Stored items
lemma W_eq_if_crossing_edge:
  assumes "E u v" "E x x'" "x \<in> W u v" "x' \<in> W v u"
  shows "W x x' = W u v"
  using assms
proof (induction "d x u" arbitrary: u v rule: less_induct)
  case less
  show ?case
  proof (cases "x = u")
    case True
    then have "x' = v"
      using gdist_across_edges[OF less.prems] gdist_eq_0_iff edge_in_V less.prems(1,2) by auto
    with True show ?thesis by simp
  next
    case False
    obtain u' v' where uv': "E u u'" "E u' v'" "E v' v" "u \<noteq> v'" "v \<noteq> u'" "d x u' < d x u"
      "x \<in> W u' v'" "x' \<in> W v' u'"
      using square_towards_edge[OF less.prems False] by blast
    have "W x x' = W u' v'" using less.hyps[OF uv'(6) uv'(2) less.prems(2) uv'(7,8)] .
    also have "\<dots> = W u v"
      using W_eq_opposite_edge[OF less.prems(1) edge_sym[OF uv'(3)] edge_sym[OF uv'(2)]
          edge_sym[OF uv'(1)] uv'(4,5)] by simp
    finally show ?thesis .
  qed
qed

lemma mem_W_if_closer_neighbour:
  assumes e: "E u v" "E x x'" and "x \<in> W u v" "y \<in> W u v" and closer: "d x' y < d x y"
  shows "x' \<in> W u v"
proof (rule ccontr)
  assume "x' \<notin> W u v"
  have V: "x \<in> V" "x' \<in> V" "y \<in> V" using assms W_subset_V edge_in_V by auto
  then have "x' \<in> W v u" using Diff_W[OF e(1)] \<open>x' \<notin> W u v\<close> by blast
  then have "W x x' = W u v" using W_eq_if_crossing_edge e \<open>x \<in> W u v\<close> by blast
  then have "d y x < d y x'" using \<open>y \<in> W u v\<close> unfolding W_def by auto
  with closer show False using gdist_commute[OF V(3) V(1)] gdist_commute[OF V(3) V(2)] by linarith
qed

lemma W_convex:
  assumes e: "E u v" and "x \<in> W u v" "y \<in> W u v" "m \<in> ginterval E V x y"
  shows "m \<in> W u v"
  using assms(2,4)
proof (induction "d x m" arbitrary: x)
  case 0
  have "x \<in> V" "m \<in> V" using 0 W_subset_V unfolding ginterval_def by auto
  then have "x = m" using gdist_eq_0_iff[of x m] 0 by simp
  then show ?case using 0 by simp
next
  case (Suc k)
  have V: "x \<in> V" "y \<in> V" "m \<in> V" using Suc.prems \<open>y \<in> W u v\<close> W_subset_V
    unfolding ginterval_def by auto
  have "x \<noteq> m" using Suc.hyps(2) by auto
  then obtain x' where x': "E x x'" "d x' m + 1 = d x m" using gdist_step[OF V(1) V(3)] by blast
  have Vx': "x' \<in> V" using edge_in_V x' by auto
  have "d x' y \<le> d x' m + d m y" "d x y \<le> d x x' + d x' y"
    using gdist_triangle[OF Vx' V(3) V(2)] gdist_triangle[OF V(1) Vx' V(2)] .
  moreover have "d x m + d m y = d x y" using Suc.prems(2) unfolding ginterval_def by simp
  ultimately have closer: "d x' y + 1 = d x y" using x'(2) gdist_edge[OF x'(1)] by linarith
  then have "x' \<in> W u v" using mem_W_if_closer_neighbour[OF e x'(1) Suc.prems(1) \<open>y \<in> W u v\<close>] by simp
  moreover have "m \<in> ginterval E V x' y"
    using Suc.prems(2) x'(2) closer Vx' unfolding ginterval_def by auto
  moreover have "k = d x' m" using Suc.hyps(2) x'(2) by simp
  ultimately show ?case using Suc.hyps(1) by blast
qed

lemma halfspace_subset_V: "h \<in> halfspaces V E \<Longrightarrow> h \<subseteq> V"
  unfolding halfspaces_eq_W using W_subset_V by blast

lemma Diff_halfspace: "h \<in> halfspaces V E \<Longrightarrow> V - h \<in> halfspaces V E"
  unfolding halfspaces_eq_W using Diff_W edge_sym by blast

lemma halfspace_nonempty: "h \<in> halfspaces V E \<Longrightarrow> h \<noteq> {}"
  unfolding halfspaces_eq_W W_def using edge_in_V gdist_edge by fastforce

lemma halfspace_convex:
  "h \<in> halfspaces V E \<Longrightarrow> x \<in> h \<Longrightarrow> y \<in> h \<Longrightarrow> m \<in> ginterval E V x y \<Longrightarrow> m \<in> h"
  unfolding halfspaces_eq_W using W_convex by blast

lemma halfspace_separates:
  assumes "x \<in> V" "y \<in> V" "x \<noteq> y"
  obtains h where "h \<in> halfspaces V E" "x \<in> h" "y \<notin> h"
proof -
  obtain x' where x': "E x x'" "d x' y + 1 = d x y" using gdist_step assms by blast
  then have "x \<in> W x x'" "y \<notin> W x x'"
    using assms gdist_edge gdist_commute edge_in_V unfolding W_def by auto
  with x'(1) show thesis using that unfolding halfspaces_eq_W by blast
qed

text \<open>For \<open>y \<in> a - h\<close>, the median of \<open>p, q, y\<close> lies in \<open>a\<close> and on a geodesic from \<open>p\<close> to
  \<open>q\<close>, so by minimality it is \<open>p\<close>; but it also lies between \<open>q\<close> and \<open>y\<close>, hence in the convex set
  \<open>V - h\<close>.\<close>
lemma subset_if_halfspace_separates_gate:
  assumes a: "a \<in> halfspaces V E" and p: "p \<in> a" and q: "q \<in> V"
    and closest: "\<And>y. y \<in> a \<Longrightarrow> d p q \<le> d y q"
    and h: "h \<in> halfspaces V E" "p \<in> h" "q \<notin> h"
  shows "a \<subseteq> h"
proof
  fix y assume y: "y \<in> a"
  show "y \<in> h"
  proof (rule ccontr)
    assume "y \<notin> h"
    have V: "p \<in> V" "y \<in> V" using halfspace_subset_V a p y by blast+
    obtain m where m: "m \<in> ginterval E V p q" "m \<in> ginterval E V q y" "m \<in> ginterval E V p y"
      using median_unique[OF V(1) q V(2)] by blast
    have "m \<in> V - h"
      using halfspace_convex[OF Diff_halfspace[OF h(1)] _ _ m(2)] V q h(3) \<open>y \<notin> h\<close> by blast
    then have "d p m \<noteq> 0" using gdist_eq_0_iff V m(1) h(2) unfolding ginterval_def by blast
    moreover have "d p m + d m q = d p q" using m(1) unfolding ginterval_def by blast
    moreover have "d p q \<le> d m q" using closest halfspace_convex[OF a p y m(3)] .
    ultimately show False by linarith
  qed
qed

lemma halfspace_separates_hinterval_iff:
  assumes "h \<in> halfspaces V E" "x \<in> V" "y \<in> V"
  shows "(\<exists>p\<in>hinterval V E x y. \<exists>q\<in>hinterval V E x y. p \<in> h \<and> q \<in> V - h) \<longleftrightarrow> (x \<in> h \<longleftrightarrow> y \<notin> h)"
proof -
  have "x \<in> hinterval V E x y" "y \<in> hinterval V E x y"
    using assms unfolding hinterval_def Uhs_def by auto
  moreover have "m \<in> k" if "m \<in> hinterval V E x y" "k \<in> halfspaces V E" "x \<in> k" "y \<in> k" for m k
    using that unfolding hinterval_def Uhs_def by blast
  ultimately show ?thesis using assms Diff_halfspace[OF assms(1)] by blast
qed

end

locale closest_pair = median +
  fixes h1 h2 :: "'a set" and x1 x2 :: 'a
  assumes h1: "h1 \<in> halfspaces V E" and h2: "h2 \<in> halfspaces V E"
    and disjoint: "h1 \<inter> h2 = {}"
    and x1: "x1 \<in> h1" and x2: "x2 \<in> h2"
    and closest: "\<And>a b. a \<in> h1 \<Longrightarrow> b \<in> h2 \<Longrightarrow> d x1 x2 \<le> d a b"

→ **EXERCISE BRIEF**: The records must be given again in full, exactly as they were written.

→ **RESULT OF THE TASK**:
lemma W_eq_if_crossing_edge:
  assumes "E u v" "E x x'" "x \<in> W u v" "x' \<in> W v u"
  shows "W x x' = W u v"
  using assms
proof (induction "d x u" arbitrary: u v rule: less_induct)
  case less
  show ?case
  proof (cases "x = u")
    case True
    then have "x' = v"
      using gdist_across_edges[OF less.prems] gdist_eq_0_iff edge_in_V less.prems(1,2) by auto
    with True show ?thesis by simp
  next
    case False
    obtain u' v' where uv': "E u u'" "E u' v'" "E v' v" "u \<noteq> v'" "v \<noteq> u'" "d x u' < d x u"
      "x \<in> W u' v'" "x' \<in> W v' u'"
      using square_towards_edge[OF less.prems False] by blast
    have "W x x' = W u' v'" using less.hyps[OF uv'(6) uv'(2) less.prems(2) uv'(7,8)] .
    also have "\<dots> = W u v"
      using W_eq_opposite_edge[OF less.prems(1) edge_sym[OF uv'(3)] edge_sym[OF uv'(2)]
          edge_sym[OF uv'(1)] uv'(4,5)] by simp
    finally show ?thesis .
  qed
qed

lemma mem_W_if_closer_neighbour:
  assumes e: "E u v" "E x x'" and "x \<in> W u v" "y \<in> W u v" and closer: "d x' y < d x y"
  shows "x' \<in> W u v"
proof (rule ccontr)
  assume "x' \<notin> W u v"
  have V: "x \<in> V" "x' \<in> V" "y \<in> V" using assms W_subset_V edge_in_V by auto
  then have "x' \<in> W v u" using Diff_W[OF e(1)] \<open>x' \<notin> W u v\<close> by blast
  then have "W x x' = W u v" using W_eq_if_crossing_edge e \<open>x \<in> W u v\<close> by blast
  then have "d y x < d y x'" using \<open>y \<in> W u v\<close> unfolding W_def by auto
  with closer show False using gdist_commute[OF V(3) V(1)] gdist_commute[OF V(3) V(2)] by linarith
qed

lemma W_convex:
  assumes e: "E u v" and "x \<in> W u v" "y \<in> W u v" "m \<in> ginterval E V x y"
  shows "m \<in> W u v"
  using assms(2,4)
proof (induction "d x m" arbitrary: x)
  case 0
  have "x \<in> V" "m \<in> V" using 0 W_subset_V unfolding ginterval_def by auto
  then have "x = m" using gdist_eq_0_iff[of x m] 0 by simp
  then show ?case using 0 by simp
next
  case (Suc k)
  have V: "x \<in> V" "y \<in> V" "m \<in> V" using Suc.prems \<open>y \<in> W u v\<close> W_subset_V
    unfolding ginterval_def by auto
  have "x \<noteq> m" using Suc.hyps(2) by auto
  then obtain x' where x': "E x x'" "d x' m + 1 = d x m" using gdist_step[OF V(1) V(3)] by blast
  have Vx': "x' \<in> V" using edge_in_V x' by auto
  have "d x' y \<le> d x' m + d m y" "d x y \<le> d x x' + d x' y"
    using gdist_triangle[OF Vx' V(3) V(2)] gdist_triangle[OF V(1) Vx' V(2)] .
  moreover have "d x m + d m y = d x y" using Suc.prems(2) unfolding ginterval_def by simp
  ultimately have closer: "d x' y + 1 = d x y" using x'(2) gdist_edge[OF x'(1)] by linarith
  then have "x' \<in> W u v" using mem_W_if_closer_neighbour[OF e x'(1) Suc.prems(1) \<open>y \<in> W u v\<close>] by simp
  moreover have "m \<in> ginterval E V x' y"
    using Suc.prems(2) x'(2) closer Vx' unfolding ginterval_def by auto
  moreover have "k = d x' m" using Suc.hyps(2) x'(2) by simp
  ultimately show ?case using Suc.hyps(1) by blast
qed

lemma halfspace_subset_V: "h \<in> halfspaces V E \<Longrightarrow> h \<subseteq> V"
  unfolding halfspaces_eq_W using W_subset_V by blast

lemma Diff_halfspace: "h \<in> halfspaces V E \<Longrightarrow> V - h \<in> halfspaces V E"
  unfolding halfspaces_eq_W using Diff_W edge_sym by blast

lemma halfspace_nonempty: "h \<in> halfspaces V E \<Longrightarrow> h \<noteq> {}"
  unfolding halfspaces_eq_W W_def using edge_in_V gdist_edge by fastforce

lemma halfspace_convex:
  "h \<in> halfspaces V E \<Longrightarrow> x \<in> h \<Longrightarrow> y \<in> h \<Longrightarrow> m \<in> ginterval E V x y \<Longrightarrow> m \<in> h"
  unfolding halfspaces_eq_W using W_convex by blast

lemma halfspace_separates:
  assumes "x \<in> V" "y \<in> V" "x \<noteq> y"
  obtains h where "h \<in> halfspaces V E" "x \<in> h" "y \<notin> h"
proof -
  obtain x' where x': "E x x'" "d x' y + 1 = d x y" using gdist_step assms by blast
  then have "x \<in> W x x'" "y \<notin> W x x'"
    using assms gdist_edge gdist_commute edge_in_V unfolding W_def by auto
  with x'(1) show thesis using that unfolding halfspaces_eq_W by blast
qed

text \<open>For \<open>y \<in> a - h\<close>, the median of \<open>p, q, y\<close> lies in \<open>a\<close> and on a geodesic from \<open>p\<close> to
  \<open>q\<close>, so by minimality it is \<open>p\<close>; but it also lies between \<open>q\<close> and \<open>y\<close>, hence in the convex set
  \<open>V - h\<close>.\<close>
lemma subset_if_halfspace_separates_gate:
  assumes a: "a \<in> halfspaces V E" and p: "p \<in> a" and q: "q \<in> V"
    and closest: "\<And>y. y \<in> a \<Longrightarrow> d p q \<le> d y q"
    and h: "h \<in> halfspaces V E" "p \<in> h" "q \<notin> h"
  shows "a \<subseteq> h"
proof
  fix y assume y: "y \<in> a"
  show "y \<in> h"
  proof (rule ccontr)
    assume "y \<notin> h"
    have V: "p \<in> V" "y \<in> V" using halfspace_subset_V a p y by blast+
    obtain m where m: "m \<in> ginterval E V p q" "m \<in> ginterval E V q y" "m \<in> ginterval E V p y"
      using median_unique[OF V(1) q V(2)] by blast
    have "m \<in> V - h"
      using halfspace_convex[OF Diff_halfspace[OF h(1)] _ _ m(2)] V q h(3) \<open>y \<notin> h\<close> by blast
    then have "d p m \<noteq> 0" using gdist_eq_0_iff V m(1) h(2) unfolding ginterval_def by blast
    moreover have "d p m + d m q = d p q" using m(1) unfolding ginterval_def by blast
    moreover have "d p q \<le> d m q" using closest halfspace_convex[OF a p y m(3)] .
    ultimately show False by linarith
  qed
qed

lemma halfspace_separates_hinterval_iff:
  assumes "h \<in> halfspaces V E" "x \<in> V" "y \<in> V"
  shows "(\<exists>p\<in>hinterval V E x y. \<exists>q\<in>hinterval V E x y. p \<in> h \<and> q \<in> V - h) \<longleftrightarrow> (x \<in> h \<longleftrightarrow> y \<notin> h)"
proof -
  have "x \<in> hinterval V E x y" "y \<in> hinterval V E x y"
    using assms unfolding hinterval_def Uhs_def by auto
  moreover have "m \<in> k" if "m \<in> hinterval V E x y" "k \<in> halfspaces V E" "x \<in> k" "y \<in> k" for m k
    using that unfolding hinterval_def Uhs_def by blast
  ultimately show ?thesis using assms Diff_halfspace[OF assms(1)] by blast
qed

end

locale closest_pair = median +
  fixes h1 h2 :: "'a set" and x1 x2 :: 'a
  assumes h1: "h1 \<in> halfspaces V E" and h2: "h2 \<in> halfspaces V E"
    and disjoint: "h1 \<inter> h2 = {}"
    and x1: "x1 \<in> h1" and x2: "x2 \<in> h2"
    and closest: "\<And>a b. a \<in> h1 \<Longrightarrow> b \<in> h2 \<Longrightarrow> d x1 x2 \<le> d a b"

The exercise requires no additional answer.